Projects that aren't meant to generate a wheel and `pyproject.toml`

sirosen · November 10, 2023, 7:40am

This is fair. Maybe I’m mistaken in thinking that the two are different in meaning.

I accept the idea that the field in project.toml could be understood to be the same in both contexts. But the meaning of the field this translates to in a built package is specific and distinct.

The trouble is that there has historically been no other meaning for the field. So assigning it a new meaning – one associated with the config field but not the metadata field – is a valid way to introduce an abstraction here which separates the meanings of the two.
Because the config field has been the verbatim content of the matching metadata field, there effectively has been no abstraction here.

Maybe I’m harping on a bit of minutiae here. We’re discussing specs, so it becomes hard to tell. But as far as our past experience goes with python_requires, it has only had one relatively narrow definition.

And my expectation is that abstractions are leaky, so the underlying behaviors expressed by tools will be reflected in this field. I’d dislike a future in which I can’t configure two different kinds of tools to behave differently in a single project because they’re reading the same field but interpreting it in different ways. (e.g. wanting an exact pin for one tool and a lower bound for another)

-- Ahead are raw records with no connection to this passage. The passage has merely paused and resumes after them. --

(* Let $\gamma$ be the boundary of a magnetic billiard with field magnitude $\beta>0$ having the $\delta$-Gutkin property, where $\gamma$ is parametrized by the angle $\varphi$ of its tangent vector with a fixed direction, so that, identifying $\mathbb{R}^2$ with $\mathbb{C}$, $\frac{d\gamma}{d\varphi}=\rho(\varphi)e^{i\varphi}$ with $\rho$ the radius of curvature. Suppose $d$ is a function such that for every $\bar\varphi$ the Larmor arc (circle of radius $1/\beta$ traversed counterclockwise) inside $\Omega$ that starts at $\gamma(\bar\varphi+d(\bar\varphi))$ making angle $\delta$ with $\gamma$ (velocity $e^{i(\bar\varphi+d(\bar\varphi)+\delta)}$) ends at $\gamma(\bar\varphi-d(\bar\varphi))$ making angle $\delta$ with $\gamma$ (velocity $e^{i(\bar\varphi-d(\bar\varphi)-\delta)}$), its velocity angle increasing from $\bar\varphi+d+\delta$ to $\bar\varphi-d+2\pi-\delta$. Then for every $\bar\varphi$ $$\int_{\bar\varphi-d(\bar\varphi)}^{\bar\varphi+d(\bar\varphi)}\rho(\xi)e^{i\xi}\,d\xi=\frac{2}{\beta}\sin\big(\delta+d(\bar\varphi)\big)e^{i\bar\varphi}.$$
   Context: Magnetic billiard in a domain $\Omega$ with boundary $\gamma$: a particle moves with unit speed along arcs of counterclockwise circles of radius $1/\beta$ (Larmor arcs) and reflects at $\gamma$ by the law of geometric optics. The $\delta$-Gutkin property means every Larmor arc entering $\Omega$ making angle $\delta$ with $\gamma$ exits $\Omega$ making angle $\delta$ with $\gamma$. Writing $\varphi_1=\bar\varphi-d(\bar\varphi)$, $\varphi_2=\bar\varphi+d(\bar\varphi)$, one has $\bar\varphi=(\varphi_1+\varphi_2)/2$, $d=(\varphi_2-\varphi_1)/2$. *)

theory Defs
  imports "HOL-Analysis.Analysis"
begin

text \<open>Larmor arc of a magnetic field of magnitude beta: unit-speed motion along a
  counterclockwise circle of radius 1/beta, starting at z0 with velocity exp(i theta0).
  Its centre is z0 + i exp(i theta0)/beta; at time t the velocity is
  exp(i (theta0 + beta t)).\<close>
definition larmor_arc :: "real \<Rightarrow> complex \<Rightarrow> real \<Rightarrow> real \<Rightarrow> complex" where
  "larmor_arc \<beta> z0 \<theta>0 t =
     (z0 + \<i> * exp (\<i> * of_real \<theta>0) / of_real \<beta>)
     - \<i> * exp (\<i> * of_real (\<theta>0 + \<beta> * t)) / of_real \<beta>"

definition ointegral :: "real \<Rightarrow> real \<Rightarrow> (real \<Rightarrow> complex) \<Rightarrow> complex" where
  "ointegral a b f = (if a \<le> b then integral {a..b} f else - integral {b..a} f)"

end

theory Submission
  imports Defs
begin

text \<open>By the fundamental theorem of calculus the integral is the chord
  \<open>\<gamma>(\<phi>b + d) - \<gamma>(\<phi>b - d)\<close>. This chord is also the chord of the Larmor arc joining the two
  points, and a circle of radius \<open>1/\<beta>\<close> traversed with unit speed has chord
  \<open>(\<i>/\<beta>) (e^(\<i> \<theta>1) - e^(\<i> \<theta>0))\<close> between velocity angles \<open>\<theta>0\<close> and \<open>\<theta>1\<close>. Here the velocity
  angles are \<open>\<phi>b + (\<delta> + d)\<close> and, modulo \<open>2\<pi>\<close>, \<open>\<phi>b - (\<delta> + d)\<close>, which gives
  \<open>(2/\<beta>) sin(\<delta> + d) e^(\<i> \<phi>b)\<close>.\<close>

lemma ointegral_fundamental_theorem:
  fixes g f :: "real \<Rightarrow> complex"
  assumes "\<And>x. x \<in> {min a b..max a b} \<Longrightarrow>
             (g has_vector_derivative f x) (at x within {min a b..max a b})"
  shows "ointegral a b f = g b - g a"
proof (cases "a \<le> b")
  case True
  then have "(f has_integral g b - g a) {a..b}"
    using assms by (intro fundamental_theorem_of_calculus) auto
  with True show ?thesis
    unfolding ointegral_def by (simp add: integral_unique)
next
  case False
  then have "(f has_integral g a - g b) {b..a}"
    using assms by (intro fundamental_theorem_of_calculus) auto
  with False show ?thesis
    unfolding ointegral_def by (simp add: integral_unique)
qed

lemma larmor_arc_chord:
  "z0 - larmor_arc \<beta> z0 \<theta>0 t =
     \<i> / of_real \<beta> * (exp (\<i> * of_real (\<theta>0 + \<beta> * t)) - exp (\<i> * of_real \<theta>0))"
  unfolding larmor_arc_def by (simp add: diff_divide_distrib right_diff_distrib)

lemma exp_ii_periodic: "exp (\<i> * of_real (\<theta> + 2 * pi)) = exp (\<i> * of_real \<theta>)"
  by (simp add: distrib_left exp_add mult.commute)

lemma exp_ii_symmetric_diff:
  "exp (\<i> * of_real (c - x)) - exp (\<i> * of_real (c + x))
     = - 2 * \<i> * of_real (sin x) * exp (\<i> * of_real c)"
  by (simp add: complex_eq_iff Re_exp Im_exp cos_diff cos_add sin_diff sin_add
      flip: of_real_diff of_real_add)

theorem proposition3p3:
  fixes \<gamma> :: "real \<Rightarrow> complex" and \<rho> :: "real \<Rightarrow> real" and d :: "real \<Rightarrow> real"
    and \<beta> \<delta> :: real and \<Omega> :: "complex set"
  assumes beta_pos: "\<beta> > 0"
    and delta: "0 < \<delta>" "\<delta> < pi"
    and param: "\<And>\<phi>. (\<gamma> has_vector_derivative (of_real (\<rho> \<phi>) * exp (\<i> * of_real \<phi>))) (at \<phi>)"
    and arcs: "\<And>\<phi>b. \<exists>T>0.
        \<beta> * T = (\<phi>b - d \<phi>b + 2 * pi - \<delta>) - (\<phi>b + d \<phi>b + \<delta>) \<and>
        larmor_arc \<beta> (\<gamma> (\<phi>b + d \<phi>b)) (\<phi>b + d \<phi>b + \<delta>) T = \<gamma> (\<phi>b - d \<phi>b) \<and>
        (\<forall>t\<in>{0<..<T}. larmor_arc \<beta> (\<gamma> (\<phi>b + d \<phi>b)) (\<phi>b + d \<phi>b + \<delta>) t \<in> \<Omega>)"
  shows "\<forall>\<phi>b. ointegral (\<phi>b - d \<phi>b) (\<phi>b + d \<phi>b)
            (\<lambda>\<xi>. of_real (\<rho> \<xi>) * exp (\<i> * of_real \<xi>))
          = of_real (2 / \<beta> * sin (\<delta> + d \<phi>b)) * exp (\<i> * of_real \<phi>b)"
proof
  fix p
  let ?x = "\<delta> + d p"
  obtain T where T: "\<beta> * T = (p - d p + 2 * pi - \<delta>) - (p + d p + \<delta>)"
      and arc_end: "larmor_arc \<beta> (\<gamma> (p + d p)) (p + d p + \<delta>) T = \<gamma> (p - d p)"
    using arcs [of p] by blast
  have start_angle: "p + d p + \<delta> = p + ?x"
    by simp
  have end_angle: "p + ?x + \<beta> * T = (p - ?x) + 2 * pi"
    using T by simp
  have "ointegral (p - d p) (p + d p) (\<lambda>\<xi>. of_real (\<rho> \<xi>) * exp (\<i> * of_real \<xi>))
      = \<gamma> (p + d p) - larmor_arc \<beta> (\<gamma> (p + d p)) (p + d p + \<delta>) T"
    unfolding arc_end
    by (rule ointegral_fundamental_theorem, rule has_vector_derivative_at_within, rule param)
  also have "\<dots> = \<i> / of_real \<beta> *
      (exp (\<i> * of_real ((p - ?x) + 2 * pi)) - exp (\<i> * of_real (p + ?x)))"
    unfolding larmor_arc_chord end_angle start_angle ..
  also have "\<dots> = of_real (2 / \<beta> * sin ?x) * exp (\<i> * of_real p)"
    unfolding exp_ii_periodic exp_ii_symmetric_diff using beta_pos by (simp add: field_simps)
  finally show "ointegral (p - d p) (p + d p) (\<lambda>\<xi>. of_real (\<rho> \<xi>) * exp (\<i> * of_real \<xi>))
      = of_real (2 / \<beta> * sin ?x) * exp (\<i> * of_real p)" .
qed

end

pf_moore · November 10, 2023, 7:42am

One thing I would specifically caution people about is that “unblock PEP 723” is explicitly not a requirement here. I very much want to see script dependency metadata standardised, but I won’t let that desire get in the way of making the right decision here. For example, if [run] turns out not to be the appropriate section name, then sorry PEP 723, you made the wrong guess and you need to change. Conversely, arguments that [run] should be used “because it’s what PEP 723 specified” aren’t valid - justify the choice on its own merits please.

sirosen · November 10, 2023, 8:24am

I agree that we shouldn’t compromise the future in service of script requirements (723). At the same time,

we should capitalize on any beneficial momentum which we can pick up from it (I’m getting involved because I’m somewhat concerned about what happens if this effort loses energy and 723 goes into deferred/rejected)
PEP 723 seems like a valid user story/use case to consider

Not that the fields need to stay identical, but the idea of it is important – having a format which can be embedded in scripts is useful.

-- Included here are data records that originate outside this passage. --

(* Let $r\ge1$ and $m\in\{0,1,\dots,5\}$, and let $A=6r^2+2mr+(m-2)\mathbb 1_{\{m>0\}}$. Then every polyiamond of area $A$ whose edge-perimeter is minimal among polyiamonds of area $A$ is a quasi-regular hexagon.
   Context: Faces are the closed triangular faces of the triangular lattice $\mathbb T^2$ in $\mathbb R^2$. A polyiamond $P$ is a finite nonempty union of faces that is connected through shared edges (two faces sharing only a vertex are not adjacent); faces not in $P$ are empty faces. Its area $\|P\|$ is the number of its faces; its edge-perimeter $p(P)$ is the number of edges of $\mathbb T^2$ separating a face of $P$ from an empty face; its site-perimeter $s(P)$ is the number of empty faces sharing at least one edge with a face of $P$. For integers $d\ge1$, $a,b,c\ge0$ with $a+b,b+c,c+a\le d$, $T^d_{a,b,c}$ is the polyiamond obtained from an equilateral triangle of side length $d$ with sides on lattice lines (the union of its $d^2$ faces) by removing the equilateral sub-triangles of side lengths $a,b,c$ at its three corners; its boundary is a (possibly degenerate) hexagon with side lengths, in cyclic order, $a,\ d-a-b,\ b,\ d-b-c,\ c,\ d-c-a$, its area is $d^2-a^2-b^2-c^2$ and its edge- and site-perimeter equal $3d-a-b-c$. Quasi-regular hexagons: for $r\ge1$ let $E(r)=T^{3r}_{r,r,r}$ (regular hexagon of side $r$), $E_{B_1}(r)=T^{3r}_{r-1,r,r}$, $E_{B_2}(r)=T^{3r+1}_{r,r,r+1}$, $E_{B_3}(r)=T^{3r+1}_{r,r,r}$, $E_{B_4}(r)=T^{3r+2}_{r,r+1,r+1}$, $E_{B_5}(r)=T^{3r+2}_{r,r,r+1}$. Their areas are $6r^2,\ 6r^2+2r-1,\ 6r^2+4r,\ 6r^2+6r+1,\ 6r^2+8r+2,\ 6r^2+10r+3$, and their edge-perimeters are $6r,6r+1,\dots,6r+5$. A quasi-regular hexagon is any image of one of these under a symmetry (translation, rotation, reflection) of $\mathbb T^2$; $\mathcal Q$ denotes the set of all quasi-regular hexagons. *)

theory Defs
  imports Main
begin

text \<open>Lattice points of the triangular lattice are written in the basis
  e1 = (1,0), e2 = (1/2, sqrt 3 / 2): the pair (a,b) denotes a*e1 + b*e2.\<close>

type_synonym pt = "int \<times> int"
type_synonym face = "pt set"

definition up_face :: "int \<Rightarrow> int \<Rightarrow> face" where
  "up_face a b = {(a,b), (a+1,b), (a,b+1)}"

I know I’ve tuned in quite late here. Are there proposals other than the ideas Karl is discussing (alternative files with pyproject-like contents) and the run table which we should be evaluating?

run.dependencies.default is a very clear proposal in my mind – an extra-like name to requirement mapping, with various details to hammer out.
But are there others? Do some oppose the idea of this being a mapping, rather than a list of requirements (singular)? If so, I’d like to discuss that and see if we can reach consensus.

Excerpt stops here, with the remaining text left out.